Precompiled contracts for addition and scalar multiplication on the elliptic curve alt_bn128 #213
Scalars larger than the field characteristic are allowed because it only makes sense to restrict them to the group order, not the field characteristic and adding the group order as another magic constant here would complicated the specification.
A comment from my perspective. @chriseth and me are in the process of "implementing" this and #212 EIPs. "Implementing" means to integrate the external library: libff which was a part of bigger libsnark just a month ago. The libff supports only Linux at the moment and nothing indicates that it is activelly developed. After the split the libff does not have tests properly integrated. It also depends on GMP what is another issue.
My personal opinion is this piece of code if to be integrated to any Ethereum client needs full code review and good set of unit tests.
I don't know why alt_bn128 curve is so special, but if we plan to stick with only this one for a long time, we can modify the code base of libff to be less generic and support only this single curve. Such fork can be joint effort of multiple teams if others are interested.

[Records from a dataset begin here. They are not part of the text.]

lemma comp_time_share: "\<phi> (time_share \<theta> f g \<nu>) = time_share \<theta> (\<lambda>\<nu>. \<phi> (f \<nu>)) (\<lambda>\<nu>. \<phi> (g \<nu>)) \<nu>"
  by (simp add: time_share_def)

lemma nn_integral_time_share:
  fixes f g :: "real \<times> real \<Rightarrow> ennreal"
  assumes \<theta>: "0 < \<theta>" "\<theta> < 1" and H: "sets H = sets borel"
    and [measurable]: "f \<in> borel_measurable (borel \<Otimes>\<^sub>M borel)" "g \<in> borel_measurable (borel \<Otimes>\<^sub>M borel)"
  shows "(\<integral>\<^sup>+\<nu>. time_share \<theta> f g \<nu> \<partial>fading H)
    = ennreal \<theta> * (\<integral>\<^sup>+\<nu>. f \<nu> \<partial>fading H) + ennreal (1 - \<theta>) * (\<integral>\<^sup>+\<nu>. g \<nu> \<partial>fading H)"
proof -
  interpret U: prob_space unit_uniform
    by (rule prob_space_unit_uniform)
  have meas: "F \<in> borel_measurable (H \<Otimes>\<^sub>M unit_uniform)"
    if "F \<in> borel_measurable (borel \<Otimes>\<^sub>M borel)" for F :: "real \<times> real \<Rightarrow> ennreal"
    using that measurable_fading_iff[OF H] unfolding fading_def by blast
  have Tonelli: "(\<integral>\<^sup>+\<nu>. F \<nu> \<partial>fading H) = (\<integral>\<^sup>+h. \<integral>\<^sup>+u. F (h, u) \<partial>unit_uniform \<partial>H)"
    if "F \<in> borel_measurable (borel \<Otimes>\<^sub>M borel)" for F :: "real \<times> real \<Rightarrow> ennreal"
    unfolding fading_def by (rule U.nn_integral_fst[OF meas[OF that], symmetric])
  have "(\<integral>\<^sup>+\<nu>. time_share \<theta> f g \<nu> \<partial>fading H)
      = (\<integral>\<^sup>+h. ennreal \<theta> * (\<integral>\<^sup>+u. f (h, u) \<partial>unit_uniform) + ennreal (1 - \<theta>) * (\<integral>\<^sup>+u. g (h, u) \<partial>unit_uniform) \<partial>H)"
    unfolding Tonelli[OF measurable_time_share[OF assms(4,5)]]
  proof (rule nn_integral_cong)
    fix h :: real
    show "(\<integral>\<^sup>+u. time_share \<theta> f g (h, u) \<partial>unit_uniform)
      = ennreal \<theta> * (\<integral>\<^sup>+u. f (h, u) \<partial>unit_uniform) + ennreal (1 - \<theta>) * (\<integral>\<^sup>+u. g (h, u) \<partial>unit_uniform)"
      unfolding time_share_def fst_conv snd_conv
      by (rule nn_integral_unit_uniform_split[OF \<theta>]) measurable
  qed
  also have "\<dots> = ennreal \<theta> * (\<integral>\<^sup>+h. \<integral>\<^sup>+u. f (h, u) \<partial>unit_uniform \<partial>H)
                 + ennreal (1 - \<theta>) * (\<integral>\<^sup>+h. \<integral>\<^sup>+u. g (h, u) \<partial>unit_uniform \<partial>H)"
    using U.borel_measurable_nn_integral_fst[OF meas] H
    by (simp add: nn_integral_add nn_integral_cmult)
  finally show ?thesis
    unfolding Tonelli[OF assms(4)] Tonelli[OF assms(5)] .
qed

lemma enn2real_convex_combination:
  assumes "x \<noteq> \<top>" "y \<noteq> \<top>" "0 \<le> t" "t \<le> 1"
  shows "enn2real (ennreal t * x + ennreal (1 - t) * y) = t * enn2real x + (1 - t) * enn2real y"
  using assms by (simp add: enn2real_plus enn2real_mult ennreal_mult_less_top top.not_eq_extremum)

I wander what other libraries do you use. And what is used by ZCash?
@chfast at least in the latest version, zcash uses libsnark (or some fork of it). Note that geth will use a different library, I think it might be this one here: https://github.com/golang/crypto/tree/master/bn256 and there is yet another implementation in rust: https://github.com/zcash/bn
So I think this is a C++-only discussion. We might take libff and swap out GMP for something else.
I am 100% too late to the party with this, but it could be actually useful to have the inputs ABI encoded and reside on the same address for this reason: in WASM this precompile can be implemented natively as a contract, but with the current API it would be present in two copies.
This of course assumes WASM would come to life in a reasonable timeframe, otherwise the current API is more useful from the implementation perspective.
From in-contract usage perspective having it ABI encoded would enable using them without any complicated bindings, a simple interface contract would be enough in Solidity without the need of touching assembly.